The legally mandated slashing of interconnect rates across the mobile sector had many industry pundits claiming the full and final death of least cost routing (LCR). But, while the shift in market dynamics certainly changed the way the telephone management game was played, the recent release of low-cost bundle offerings means the death of LCR has turned out to be very exaggerated.
“Before one even gets to recent pricing shifts, it's important to note that LCR will always be an important cost management tool,” says Kevin Greig, Sales Manager at SS Telecoms, one of South Africa's leading telephony solution providers.
“Pricing in the market is variable, so there will always be a least cost route to follow. Granted, in certain phases, the savings may be more marked than in others, but LCR will always be an important cost management tool for most organisations.”
General telephony cost management theory aside, the recent releases by various operators of low-cost bundle offerings has without doubt significantly improved the immediate savings on offer via LCR.
“Businesses should be taking advantage of this.

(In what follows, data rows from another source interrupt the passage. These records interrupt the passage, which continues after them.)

(* For every positive integer $m$, the exponential generating function $\sum_{n\ge0}a_m(n)x^n/n!$, where $a_m(n)$ is the number of permutations of $[n]$ in which every alternating run has length less than $m$, equals \[ \left[\sum_{n=0}^{\infty}\left(E_{mn}\frac{x^{mn}}{(mn)!}-E_{mn+1}\frac{x^{mn+1}}{(mn+1)!}\right)\right]^{-1}. \]
   Context: For $\pi\in\mathfrak S_n$, $i\in[n-1]$ is an alternating descent if $i$ odd and $\pi_i>\pi_{i+1}$, or $i$ even and $\pi_i<\pi_{i+1}$. An alternating run is a maximal block of consecutive entries containing no alternating descent (i.e. no $i$ with both $i,i+1$ in the block is an alternating descent). $a_m(0)=1$. $E_n$: $\sum E_nx^n/n!=\sec x+\tan x$. *)

theory Defs
  imports Complex_Main "HOL-Computational_Algebra.Formal_Power_Series"
begin

definition euler_num :: "nat \<Rightarrow> real" where
  "euler_num n = fact n * fps_nth (inverse (fps_cos (1::real)) + fps_tan 1) n"

(* A permutation pi of [n] is a list xs with distinct entries and set xs = {1..n};
   pi_i = xs ! (i - 1) (1-indexed). *)
definition alt_desc :: "nat list \<Rightarrow> nat \<Rightarrow> bool" where
  "alt_desc xs i \<longleftrightarrow> 1 \<le> i \<and> i < length xs \<and>
     ((odd i \<and> xs ! (i - 1) > xs ! i) \<or> (even i \<and> xs ! (i - 1) < xs ! i))"

definition desc_free_block :: "nat list \<Rightarrow> nat \<Rightarrow> nat \<Rightarrow> bool" where
  "desc_free_block xs a b \<longleftrightarrow> 1 \<le> a \<and> a \<le> b \<and> b \<le> length xs \<and>
     (\<forall>j. a \<le> j \<and> j < b \<longrightarrow> \<not> alt_desc xs j)"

The dynamic could change at any time, of course, so the long-term priority should be on ensuring the organisation has the permanent ability to analyse all costs, and automatically route via the cheaper option,” says Greig.

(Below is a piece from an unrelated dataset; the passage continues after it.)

(* There is an absolute constant $C$ such that the following holds. Let $\mathcal L(G(V,E),M,N,\{\pi^{v,e}\})$ be a $k$-Label Cover instance such that $|(\pi^{v,e})^{-1}(i)|\le d=4^k$ for all projections and all $i\in[N]$, and which is smooth with parameter $J=4^{17k}$. Let $\tau=k^{-13}$ and let $\vec w_v\in\mathbb R^M$ ($v\in V$) be arbitrary (the weight vectors of a halfspace $h(\vec y)=\mathrm{sgn}(\sum_{v\in V}\langle\vec w_v,\vec y_v\rangle-\theta)$ on $\{0,1\}^{V\times M}$). Then the fraction (with multiplicity) of hyperedges of $E$ that are $2\tau$-nice is at least $1-C/k$.
   Context: A $k$-Label Cover instance is a $k$-uniform hypergraph on $V$ with a multiset $E$ of hyperedges $e=(v_1,\dots,v_k)$ of distinct vertices, each with projections $\pi^{v_i,e}:[M]\to[N]$. It is smooth with parameter $J$ if for every vertex $v$ and all $i\ne j\in[M]$, for a uniformly random hyperedge $e$ containing $v$, $\Pr[\pi^{v,e}(i)=\pi^{v,e}(j)]\le1/J$. Critical index: for $\vec u\in\mathbb R^n$ order indices $i_1,\dots,i_n$ by decreasing $|u^{(i)}|$ (ties by increasing index), $\sigma_m^2=\sum_{j\ge m}|u^{(i_j)}|^2$; $c_\tau(\vec u)$ is the smallest $m$ with $|u^{(i_m)}|\le\tau\sigma_m$ ($+\infty$ if none); $C_\tau(\vec u)=\{i_1,\dots,i_{c_\tau(\vec u)-1}\}$ if finite, else $[n]$. $\mathrm{truncate}(\vec u,S)$ agrees with $\vec u$ on $S$ and is $0$ elsewhere. Set $\vec s_v=\mathrm{truncate}(\vec w_v,C_\tau(\vec w_v))$ and $\vec l_v=\vec w_v-\vec s_v$. A vertex $v$ is $\beta$-nice with respect to a hyperedge $e\ni v$ if $\sum_{i\in[N]}\big(\sum_{j\in\pi^{-1}(i)}|l_v^{(j)}|\big)^4\le\beta\|\vec l_v\|_2^4$ where $\pi=\pi^{v,e}$; a hyperedge is $\beta$-nice if each of its vertices is $\beta$-nice with respect to it. *)

theory Defs
  imports Main "HOL-Library.Product_Lexorder" Complex_Main
begin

Greig also points out that LCR technology is not overly complex, or expensive. The LCR device or Premicell, for example, attaches easily to a standard company PABX switchboard. It contains a SIM card with a cellphone contract, and any calls made to a cellphone number are routed from the PABX via the optimum mobile route, instead of through the Telkom landline network and on to the cellphone.
“Yes, LCR is back,” concludes Greig. “But, honestly, it never went anywhere. With so many different providers and cost structures out there, LCR must be a fundamental part of any organisation's telephone management set-up. It really is as simple as that.”